■ Provided records:
lemma inj_on_affine_mod:
  fixes q c y a b :: int
  assumes "coprime y q" and "b - a < q"
  shows "inj_on (\<lambda>m. (c + m * y) mod q) {a..b}"
proof (rule inj_onI)
  fix m m' assume "m \<in> {a..b}" "m' \<in> {a..b}" "(c + m * y) mod q = (c + m' * y) mod q"
  then have "q dvd (m - m') * y" and small: "\<bar>m - m'\<bar> < q"
    using assms(2) by (auto simp: mod_eq_dvd_iff algebra_simps)
  then have "q dvd m - m'"
    using assms(1) by (simp add: coprime_commute coprime_dvd_mult_left_iff)
  then have "m - m' = 0"
    using small by (rule zdvd_abs_less_imp_eq_0)
  then show "m = m'"
    by simp
qed

lemma card_image_Int_eq:
  assumes "inj_on f A"
  shows "card (f ` A \<inter> S) = card {a \<in> A. f a \<in> S}"
proof -
  have "f ` A \<inter> S = f ` {a \<in> A. f a \<in> S}" by blast
  then show ?thesis
    using assms by (simp add: card_image inj_on_subset)
qed

definition lattice_res :: "int \<Rightarrow> int \<Rightarrow> int \<Rightarrow> int \<Rightarrow> int \<Rightarrow> int" where
  "lattice_res q x y i m = (i * x + m * y) mod q"

lemma lattice_res_eq_iff:
  "lattice_res q x y i m = lattice_res q x y i' m' \<longleftrightarrow> q dvd (i' - i) * x + (m' - m) * y"
proof -
  have "(i' - i) * x + (m' - m) * y = (i' * x + m' * y) - (i * x + m * y)"
    by (simp add: algebra_simps)
  then show ?thesis
    unfolding lattice_res_def by (simp add: mod_eq_dvd_iff dvd_diff_commute)
qed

■ Task instructions:
Find "by (simp add: algebra_simps)" in the records. Copy its line and every line after it, exactly, through the last one.

■ Response to the exercise:
    by (simp add: algebra_simps)
  then show ?thesis
    unfolding lattice_res_def by (simp add: mod_eq_dvd_iff dvd_diff_commute)
qed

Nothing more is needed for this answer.